Paper from the Chung Lab on Retinal Vasculature in Amblyopia
By Liza Shevchuk

A new paper from the Chung lab, “Altered retinal vasculature in amblyopia,” by Rijul S. Soans and Susana T. L. Chung, has been published in the special issue on Advances in Amblyopia Research in Vision Research. The authors examined whether retinal blood vessel structure differs in adults with amblyopia compared to individuals with normal vision. Using OCT fundus imaging and a deep-learning–based vessel segmentation approach (Spatial Attention-UNet), they quantified key features of retinal vasculature. The results showed reduced vascular richness and density in both amblyopic and fellow eyes compared to control eyes, suggesting that amblyopia may involve retinal alterations in addition to cortical changes.

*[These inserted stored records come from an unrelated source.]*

(* Let $G\in\mathcal{U}$ and $v\in V(G)$. Let $e$ be an old edge of $G^v$, let $f$ be a new edge of $G^v$ and $f'$ its opposite edge. Then: (i) $e$ is lonely in $G^v$ if and only if $e$ is lonely in $G$ and no $v$-join of $G$ contains $e$. Moreover, $f'$ is not lonely in $G^v$. (ii) $f$ is lonely in $G^v$ if and only if $f'$ is lonely in $G$.
   Context: In a bridgeless cubic graph, an edge is lonely if it belongs to exactly one perfect matching. $\mathcal{U}$ denotes the class of 3-connected cubic graphs having at least one lonely edge. For a cubic graph $G$ and $v\in V(G)$ with neighbours $x_1,x_2,x_3$, $G^v$ denotes the cubic graph obtained by replacing $v$ by a triangle: delete $v$, add new vertices $v_1,v_2,v_3$, the edges $v_1v_2,v_2v_3,v_3v_1$ (the new edges), and the edges $v_ix_i$ for $i=1,2,3$. All other edges of $G^v$ (including $v_1x_1,v_2x_2,v_3x_3$) are old edges and are identified with the corresponding edges of $G$ (the edge $v_ix_i$ of $G^v$ is identified with $vx_i$ of $G$). For pairwise distinct $i,j,k\in\{1,2,3\}$, the edge $v_ix_i$ is called opposite to the new edge $v_jv_k$. For $v\in V(G)$, a $v$-join of $G$ is a spanning subgraph in which $v$ has degree $3$ and every other vertex has degree $1$. *)

theory Defs
  imports Main
begin

definition graph :: "'a set \<Rightarrow> 'a set set \<Rightarrow> bool" where
  "graph V E \<longleftrightarrow> finite V \<and> (\<forall>e\<in>E. \<exists>a b. e = {a, b} \<and> a \<noteq> b \<and> a \<in> V \<and> b \<in> V)"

Amblyopia (“lazy eye”) has long been thought to be a brain-based condition, with the retina itself considered structurally normal. We revisit this traditional view. By analyzing retinal images using advanced imaging and artificial intelligence tools, we found that the network of blood vessels in the retina is less dense in people with amblyopia - even in the fellow eye that sees better. This suggests that amblyopia may involve subtle changes in the retina itself, not just the brain. Understanding these retinal differences could help researchers better understand the biological basis of amblyopia and may eventually support the development of new diagnostic markers or treatment strategies.